> TASK PROMPT:
From the first line of the records through the line containing "unfolding subspace_def by", retype every line exactly and nothing else.
───
lemma form_add_left: "s (u + v) w = s u w + s v w"
  and form_scale_left: "s (c *s u) w = c * s u w"
  and form_add_right: "s u (v + w) = s u v + s u w"
  and form_scale_right: "s u (c *s w) = c * s u w"
  using alt_bilinear unfolding alt_bilinear_def by blast+

lemma form_zero_left: "s 0 w = 0"
  using form_scale_left[of 0] by simp

lemma form_zero_right: "s u 0 = 0"
  using form_scale_right[of _ 0] by simp

lemma subspace_Rad: "subspace U \<Longrightarrow> subspace (Rad s U)"
  unfolding Rad_def subspace_def
  by (simp add: form_zero_right form_add_right form_scale_right)

lemma subspace_orthogonal_left: "subspace {v. s v r = 0}"
  unfolding subspace_def by (simp add: form_zero_left form_add_left form_scale_left)

lemma zero_in_Rad: "0 \<in> U \<Longrightarrow> 0 \<in> Rad s U"
  unfolding Rad_def by (simp add: form_zero_right)

lemma incident_below_trans:
  assumes "subspace X" "incident_below s X Y" "incident_below s Y Z"
  shows "incident_below s X Z"
proof -
  have "X \<subseteq> Y" "Y \<subseteq> Z" "Y \<inter> Rad s Z = {0}"
    using assms(2,3) unfolding incident_below_def by auto
  moreover have "0 \<in> X" using assms(1) subspace_0 by blast
  ultimately show ?thesis using zero_in_Rad[of Z] unfolding incident_below_def by blast
qed

lemma incident_below_Int_Rad_UNIV:
  assumes "subspace X" "incident_below s X Y"
  shows "X \<inter> Rad s UNIV = {0}"
proof -
  have "X \<inter> Rad s UNIV \<subseteq> X \<inter> Rad s Y"
    using assms(2) Int_Rad_subset_Rad[of Y UNIV s] unfolding incident_below_def by blast
  then show ?thesis
    using assms(2) subspace_0[OF assms(1)] zero_in_Rad[of UNIV] unfolding incident_below_def by blast
qed

lemma incident_below_of_incident:
  assumes "subspace X" "subspace Y" "incident s X Y" "dim X \<le> dim Y"
  shows "X = Y \<or> incident_below s X Y"
proof -
  have "Y = X" if "Y \<subseteq> X" using subspace_dim_equal[OF assms(2,1) that assms(4)] .
  then show ?thesis using assms(3) unfolding incident_iff incident_below_def by blast
qed

lemma exists_vector_extending_incident_below:
  assumes "subspace A" "subspace B" "incident_below s A B"
    and "dim (Rad s A) \<le> 1" "dim (Rad s B) \<le> 1" "dim A + 1 < dim B"
  obtains v where "v \<in> B" "v \<notin> span (A \<union> Rad s B)" "\<And>x. x \<in> Rad s A \<Longrightarrow> s v x = 0 \<Longrightarrow> x = 0"
proof -
  let ?P = "span (A \<union> Rad s B)"
  have "dim ?P \<le> dim A + 1" using dim_Un_le[of A "Rad s B"] assms(5) by simp
  then have not_in_P: "\<not> B \<subseteq> ?P" using assms(6) dim_subset[of B ?P] by linarith
  show thesis
  proof (cases "Rad s A \<subseteq> {0}")
    case True
    then show ?thesis using not_in_P that by blast
  next
    case False
    then obtain r where r: "r \<in> Rad s A" "r \<noteq> 0" by blast
    then have "r \<in> A" unfolding Rad_def by blast
    then have "r \<in> B" "r \<notin> Rad s B" using assms(3) r(2) unfolding incident_below_def by blast+
    then have "\<exists>u\<in>B. s u r \<noteq> 0" unfolding Rad_def by blast
    then have "\<not> B \<subseteq> {v. s v r = 0}" by blast
    then have "\<not> B \<subseteq> ?P \<union> {v. s v r = 0}"
      using subspace_subset_Un_subspaces[OF assms(2) subspace_span subspace_orthogonal_left]
        not_in_P by blast
    then obtain v where v: "v \<in> B" "v \<notin> ?P" "s v r \<noteq> 0" by blast
    have Rad_A: "Rad s A = span {r}"
      using subspace_eq_span_singleton[OF subspace_Rad[OF assms(1)] assms(4) r] .
    have "x = 0" if x: "x \<in> Rad s A" and vx: "s v x = 0" for x
    proof -
      obtain k where "x = k *s r" using x by (auto simp: Rad_A span_singleton)
      then have "k * s v r = 0" using vx form_scale_right by simp
      then show ?thesis using \<open>x = k *s r\<close> v(3) by simp
    qed
    then show ?thesis using that v by blast
  qed
qed

lemma incident_below_adjoin:
  assumes "subspace A" "subspace B" "incident_below s A B"
    and v: "v \<in> B" "v \<notin> span (A \<union> Rad s B)"
    and v_Rad: "\<And>x. x \<in> Rad s A \<Longrightarrow> s v x = 0 \<Longrightarrow> x = 0"
  defines "C \<equiv> span (insert v A)"
  shows "dim C = dim A + 1" "incident_below s A C" "incident_below s C B" "dim (Rad s C) \<le> 1"
proof -
  have AC: "A \<subseteq> C" and vC: "v \<in> C" unfolding C_def using span_superset by blast+
  have "A \<subseteq> B" using assms(3) unfolding incident_below_def by blast
  then have CB: "C \<subseteq> B" unfolding C_def using v(1) assms(2) by (intro span_minimal) auto
  have "v \<notin> span A" using v(2) span_mono[of A "A \<union> Rad s B"] by blast
  then show dim_C: "dim C = dim A + 1" unfolding C_def dim_span dim_insert by simp
  have "C \<inter> Rad s B \<subseteq> A \<inter> Rad s B"
    using span_insert_Int_subset[OF assms(1) v(2)] unfolding C_def by blast
  then show "incident_below s C B"
    using CB assms(3) subspace_0[OF assms(1)] zero_in_Rad[of B] AC unfolding incident_below_def
    by blast
  have "A \<inter> Rad s C \<subseteq> {0}"
  proof
    fix x assume x: "x \<in> A \<inter> Rad s C"
    then have "x \<in> Rad s A" using Int_Rad_subset_Rad[OF AC] by blast
    moreover have "s v x = 0" using x vC unfolding Rad_def by blast
    ultimately show "x \<in> {0}" using v_Rad by blast
  qed
  then have A_Rad_C: "A \<inter> Rad s C = {0}"
    using subspace_0[OF assms(1)] zero_in_Rad[of C] AC by blast
  then show "incident_below s A C" using AC unfolding incident_below_def by blast
  have "dim A + dim (Rad s C) \<le> dim C"
    using dim_add_le_of_Int_zero[OF assms(1) subspace_Rad _ AC Rad_subset A_Rad_C]
    unfolding C_def by simp
  then show "dim (Rad s C) \<le> 1" using dim_C by linarith
qed

lemma exists_incident_successor:
  assumes "subspace A" "subspace B" "incident_below s A B"
    and "dim (Rad s A) \<le> 1" "dim (Rad s B) \<le> 1" "dim A + 1 < dim B"
  obtains C where "subspace C" "dim C = dim A + 1" "incident_below s A C" "incident_below s C B"
    "dim (Rad s C) \<le> 1"
proof -
  obtain v where "v \<in> B" "v \<notin> span (A \<union> Rad s B)" "\<And>x. x \<in> Rad s A \<Longrightarrow> s v x = 0 \<Longrightarrow> x = 0"
    using exists_vector_extending_incident_below[OF assms] by blast
  from incident_below_adjoin[OF assms(1-3) this] show thesis
    using that subspace_span by blast
qed

lemma exists_incident_between:
  assumes "subspace A" "subspace B" "incident_below s A B"
    and "dim (Rad s A) \<le> 1" "dim (Rad s B) \<le> 1" "dim A < k" "k < dim B"
  shows "\<exists>C. subspace C \<and> dim C = k \<and> incident_below s A C \<and> incident_below s C B \<and>
    dim (Rad s C) \<le> 1"
  using assms(6,7)
proof (induction k)
  case 0
  then show ?case by simp
next
  case (Suc k)
  show ?case
  proof (cases "k = dim A")
    case True
    with Suc.prems have "dim A + 1 < dim B" by simp
    from exists_incident_successor[OF assms(1-5) this] show ?thesis
      using True by (metis Suc_eq_plus1)
  next
    case False
    with Suc obtain C where C: "subspace C" "dim C = k" "incident_below s A C"
      "incident_below s C B" "dim (Rad s C) \<le> 1" by auto
    have "dim C + 1 < dim B" using C(2) Suc.prems by simp
    then obtain C' where C': "subspace C'" "dim C' = Suc k" "incident_below s C C'"
      "incident_below s C' B" "dim (Rad s C') \<le> 1"
      using exists_incident_successor[OF C(1) assms(2) C(4,5) assms(5)] C(2) by auto
    moreover have "incident_below s A C'" using incident_below_trans[OF assms(1) C(3) C'(3)] .
    ultimately show ?thesis by blast
  qed
qed

lemma incident_family_greatest_below:
  assumes sub: "\<And>X. X \<in> G \<Longrightarrow> subspace X"
    and inc: "\<And>X Y. X \<in> G \<Longrightarrow> Y \<in> G \<Longrightarrow> incident s X Y"
    and "X\<^sub>0 \<in> G" "dim X\<^sub>0 < i"
  obtains A where "A \<in> G" "dim A < i" "\<And>X. X \<in> G \<Longrightarrow> dim X < i \<Longrightarrow> X = A \<or> incident_below s X A"
proof -
  obtain A where A: "A \<in> G" "dim A < i"
    and greatest: "\<And>X. X \<in> G \<Longrightarrow> dim X < i \<Longrightarrow> dim X \<le> dim A"
    using ex_has_greatest_nat[of "\<lambda>X. X \<in> G \<and> dim X < i" X\<^sub>0 dim i] assms(3,4) by blast
  show thesis
  proof (rule that[OF A])
    fix X assume X: "X \<in> G" "dim X < i"
    show "X = A \<or> incident_below s X A"
      using incident_below_of_incident[OF sub[OF X(1)] sub[OF A(1)] inc[OF X(1) A(1)] greatest[OF X]] .
  qed
qed

lemma incident_family_least_above:
  assumes sub: "\<And>X. X \<in> G \<Longrightarrow> subspace X"
    and inc: "\<And>X Y. X \<in> G \<Longrightarrow> Y \<in> G \<Longrightarrow> incident s X Y"
    and "X\<^sub>0 \<in> G" "i < dim X\<^sub>0"
  obtains B where "B \<in> G" "i < dim B" "\<And>X. X \<in> G \<Longrightarrow> i < dim X \<Longrightarrow> B = X \<or> incident_below s B X"
proof -
  obtain B where B: "B \<in> G" "i < dim B"
    and least: "\<And>X. X \<in> G \<Longrightarrow> i < dim X \<Longrightarrow> dim B \<le> dim X"
    using ex_has_least_nat[of "\<lambda>X. X \<in> G \<and> i < dim X" X\<^sub>0 dim] assms(3,4) by blast
  show thesis
  proof (rule that[OF B])
    fix X assume X: "X \<in> G" "i < dim X"
    show "B = X \<or> incident_below s B X"
      using incident_below_of_incident[OF sub[OF B(1)] sub[OF X(1)] inc[OF B(1) X(1)] least[OF X]] .
  qed
qed

lemma flag_with_zero_and_UNIV:
  assumes "dim (Rad s UNIV) \<le> 1" "is_flag scale s F"
  defines "G \<equiv> insert {0} (insert UNIV F)"
  shows "\<And>X. X \<in> G \<Longrightarrow> subspace X"
    and "\<And>X. X \<in> G \<Longrightarrow> dim (Rad s X) \<le> 1"
    and "\<And>X Y. X \<in> G \<Longrightarrow> Y \<in> G \<Longrightarrow> incident s X Y"
proof -
  have obj: "\<And>X. X \<in> F \<Longrightarrow> gobj scale s X"
    and inc: "\<And>X Y. X \<in> F \<Longrightarrow> Y \<in> F \<Longrightarrow> incident s X Y"
    using assms(2) unfolding is_flag_def by auto
  show sub: "\<And>X. X \<in> G \<Longrightarrow> subspace X" using obj unfolding G_def gobj_def by auto
  have "dim (Rad s {0}) = 0" using Rad_subset[of s "{0}"] by simp
  then have "dim (Rad s {0}) \<le> 1" by linarith
  then show "\<And>X. X \<in> G \<Longrightarrow> dim (Rad s X) \<le> 1"
    using assms(1) obj unfolding G_def gobj_def by blast
  have zero_below: "incident_below s {0} X" if "X \<in> G" for X
    using subspace_0[OF sub[OF that]] zero_in_Rad[of X] unfolding incident_below_def by blast
  have below_UNIV: "incident_below s X UNIV" if "X \<in> F" for X
    using obj[OF that] unfolding gobj_def incident_below_def by blast
  fix X Y assume XY: "X \<in> G" "Y \<in> G"
  then consider "X = Y" | "X = {0}" | "Y = {0}" | "X = UNIV" "Y \<in> F" | "Y = UNIV" "X \<in> F"
    | "X \<in> F" "Y \<in> F"
    unfolding G_def by blast
  then show "incident s X Y"
  proof cases
    case 6
    then show ?thesis using inc by blast
  qed (use XY zero_below below_UNIV in \<open>auto simp: incident_iff\<close>)
qed

lemma flag_extension:
  assumes rad_V: "dim (Rad s UNIV) \<le> 1" and F: "is_flag scale s F"
    and i: "i \<in> types scale" "i \<notin> gtype scale ` F"
  obtains C where "gobj scale s C" "gtype scale C = i" "\<And>X. X \<in> F \<Longrightarrow> incident s X C"
proof -
  define G where "G = insert {0} (insert UNIV F)"
  note G = flag_with_zero_and_UNIV[OF rad_V F, folded G_def]
  have "0 < i" "i < dim UNIV" using i(1) unfolding types_def by auto
  then have "{0} \<in> G" "dim {0::'v} < i" "UNIV \<in> G" "i < dim UNIV" unfolding G_def by auto
  obtain A where A: "A \<in> G" "dim A < i"
    and below_A: "\<And>X. X \<in> G \<Longrightarrow> dim X < i \<Longrightarrow> X = A \<or> incident_below s X A"
    using incident_family_greatest_below[OF G(1,3) \<open>{0} \<in> G\<close> \<open>dim {0} < i\<close>] by blast
  obtain B where B: "B \<in> G" "i < dim B"
    and above_B: "\<And>X. X \<in> G \<Longrightarrow> i < dim X \<Longrightarrow> B = X \<or> incident_below s B X"
    using incident_family_least_above[OF G(1,3) \<open>UNIV \<in> G\<close> \<open>i < dim UNIV\<close>] by blast
  have "incident_below s A B"
    using incident_below_of_incident[OF G(1)[OF A(1)] G(1)[OF B(1)] G(3)[OF A(1) B(1)]] A(2) B(2)
    by fastforce
  then obtain C where C: "subspace C" "dim C = i" "incident_below s A C" "incident_below s C B"
    "dim (Rad s C) \<le> 1"
    using exists_incident_between[OF G(1)[OF A(1)] G(1)[OF B(1)] _ G(2)[OF A(1)] G(2)[OF B(1)]]
      A(2) B(2) by blast
  show thesis
  proof (rule that)
    have "C \<inter> Rad s UNIV = {0}" using incident_below_Int_Rad_UNIV[OF C(1,4)] .
    then show "gobj scale s C" unfolding gobj_def using C(1,2,5) i(1) by simp
    show "gtype scale C = i" unfolding gtype_def using C(2) .
  next
    fix X assume "X \<in> F"
    then have X: "X \<in> G" "dim X \<noteq> i" using i(2) unfolding G_def gtype_def by auto
    show "incident s X C"
    proof (cases "dim X < i")
      case True
      then have "X = A \<or> incident_below s X A" using below_A X(1) by blast
      then have "incident_below s X C"
        using incident_below_trans[OF G(1)[OF X(1)] _ C(3)] C(3) by blast
      then show ?thesis unfolding incident_iff by blast
    next
      case False
      then have "B = X \<or> incident_below s B X" using above_B X by simp
      then have "incident_below s C X" using incident_below_trans[OF C(1) C(4)] C(4) by blast
      then show ?thesis unfolding incident_iff by blast
    qed
  qed
qed
lemma resultant_eq_root_resultant_of_degree_le:
  fixes p q :: "complex poly"
  assumes "p \<noteq> 0" "degree q \<le> degree p"
  shows "resultant p q = root_resultant p q"
  using assms
proof (induction "degree q" arbitrary: p q rule: less_induct)
  case less
  show ?case
  proof (cases "degree q = 0")
    case True
    then obtain c where "q = [:c:]" by (metis degree_eq_zeroE)
    then show ?thesis
      by (simp add: root_resultant_def prod_mset_constant size_proots_complex)
  next
    case False
    define r where "r = p mod q"
    have q: "q \<noteq> 0" using False by auto
    have r: "r = 0 \<or> degree r < degree q"
      using degree_mod_less'[OF q, of p] unfolding r_def by auto
    have IH: "resultant q r = root_resultant q r"
    proof (cases "r = 0")
      case True
      then show ?thesis
        using False by (simp add: root_resultant_def prod_mset_constant size_proots_complex)
    next
      case False
      then show ?thesis
        using less.hyps[of r q] r q by simp
    qed
    have "degree r \<le> degree p" using r less.prems by auto
    then have "lead_coeff q ^ degree p = lead_coeff q ^ (degree p - degree r) * lead_coeff q ^ degree r"
      by (simp add: power_add[symmetric])
    then have "root_resultant q p * lead_coeff q ^ degree r =
        lead_coeff q ^ (degree p - degree r) * root_resultant q r * lead_coeff q ^ degree r"
      using root_resultant_mod[OF q, of p] unfolding r_def[symmetric] by (simp add: mult_ac)
    then have "root_resultant q p = lead_coeff q ^ (degree p - degree r) * root_resultant q r"
      using q by simp
    then show ?thesis
      using resultant_mod[OF less.prems, unfolded r_def[symmetric]] False IH root_resultant_swap[of p q]
      by simp
  qed
qed

lemma resultant_eq_root_resultant:
  fixes p q :: "complex poly"
  assumes "p \<noteq> 0" "q \<noteq> 0"
  shows "resultant p q = root_resultant p q"
proof (cases "degree q \<le> degree p")
  case True
  then show ?thesis using assms resultant_eq_root_resultant_of_degree_le by blast
next
  case False
  then show ?thesis
    using resultant_eq_root_resultant_of_degree_le[of q p] assms
      resultant_swap[of p q] root_resultant_swap[of p q] by simp
qed
text \<open>On the shell \<open>|y| = q\<^sup>-\<^sup>n\<close> the integrand is constant, and the factor \<open>q/(q - 1) |y|\<^sup>-\<^sup>1\<close>
  exactly cancels the volume of the shell.\<close>

lemma zeta_integrand_eq_shell_series:
  assumes "\<kappa> \<in> GL2O absv"
  shows "(if y = 0 then 0 else
           complex_of_real (real q / (real q - 1)) *
           complex_of_real (indicator (ZK0 absv q e) (m2mult (m2inv \<kappa>) (m2mult (1, y, 0, 1) \<kappa>))) *
           complex_of_real (absv y) powr s / complex_of_real (absv y))
    = (\<Sum>n. indicator (shell n) y *\<^sub>R (complex_of_real (indicator (K0 absv q ((e - n + 1) div 2)) \<kappa>
          / measure dy (shell n)) * ((of_nat q :: complex) powr (- s)) ^ n))"
    (is "?f y = (\<Sum>n. indicator (shell n) y *\<^sub>R ?h n)")
proof -
  obtain a b c d where \<kappa>: "\<kappa> = (a,b,c,d)"
    by (cases \<kappa> rule: prod_cases4)
  with assms have k: "(a,b,c,d) \<in> GL2O absv"
    by simp
  show ?thesis
  proof (cases "\<exists>m. y \<in> shell m")
    case True
    then obtain m where m: "y \<in> shell m" by blast
    then have y: "absv y = (1 / real q) ^ m"
      by (simp add: shell_def)
    then have "y \<noteq> 0"
      using q_gt_1 by auto
    have "real q / (real q - 1) / absv y = 1 / measure dy (shell m)"
      unfolding y using q_gt_1 by (simp add: measure_shell field_simps)
    then have const: "complex_of_real (real q / (real q - 1)) / complex_of_real (absv y) =
        complex_of_real (1 / measure dy (shell m))"
      by (metis of_real_divide)
    have ind: "indicator (ZK0 absv q e) (m2mult (m2inv \<kappa>) (m2mult (1,y,0,1) \<kappa>)) =
        indicator (K0 absv q ((e - m + 1) div 2)) \<kappa>"
      unfolding \<kappa> indicator_def conj_unipotent_in_ZK0_iff_K0[OF k y] by (rule refl)
    have pow: "complex_of_real (absv y) powr s = ((of_nat q :: complex) powr (- s)) ^ m"
      unfolding y using q_gt_1 by (intro of_real_inverse_power_powr) simp
    have "?f y = complex_of_real (real q / (real q - 1)) / complex_of_real (absv y) *
        (of_real (indicator (K0 absv q ((e - m + 1) div 2)) \<kappa>) * ((of_nat q :: complex) powr (- s)) ^ m)"
      using \<open>y \<noteq> 0\<close> by (simp add: ind pow divide_inverse mult_ac)
    also have "\<dots> = ?h m"
      unfolding const by (simp add: divide_inverse mult_ac)
    finally show ?thesis
      unfolding suminf_indicator_shell[OF m] .
  next
    case False
    have "y = 0 \<or> \<not> absv y \<le> 1"
    proof (rule ccontr)
      assume "\<not> (y = 0 \<or> \<not> absv y \<le> 1)"
      then obtain m where "absv y = (1 / real q) ^ m"
        using abs_le_1_eq_power by blast
      with False show False
        unfolding shell_def by blast
    qed
    then have "m2mult (m2inv \<kappa>) (m2mult (1,y,0,1) \<kappa>) \<notin> ZK0 absv q e \<or> y = 0"
      unfolding \<kappa> conj_unipotent_in_ZK0_iff[OF k] by blast
    with False show ?thesis
      by auto
  qed
qed
end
───
> SOLUTION FOR THIS PROBLEM:
lemma form_add_left: "s (u + v) w = s u w + s v w"
  and form_scale_left: "s (c *s u) w = c * s u w"
  and form_add_right: "s u (v + w) = s u v + s u w"
  and form_scale_right: "s u (c *s w) = c * s u w"
  using alt_bilinear unfolding alt_bilinear_def by blast+

lemma form_zero_left: "s 0 w = 0"
  using form_scale_left[of 0] by simp

lemma form_zero_right: "s u 0 = 0"
  using form_scale_right[of _ 0] by simp

lemma subspace_Rad: "subspace U \<Longrightarrow> subspace (Rad s U)"
  unfolding Rad_def subspace_def
  by (simp add: form_zero_right form_add_right form_scale_right)

lemma subspace_orthogonal_left: "subspace {v. s v r = 0}"
  unfolding subspace_def by (simp add: form_zero_left form_add_left form_scale_left)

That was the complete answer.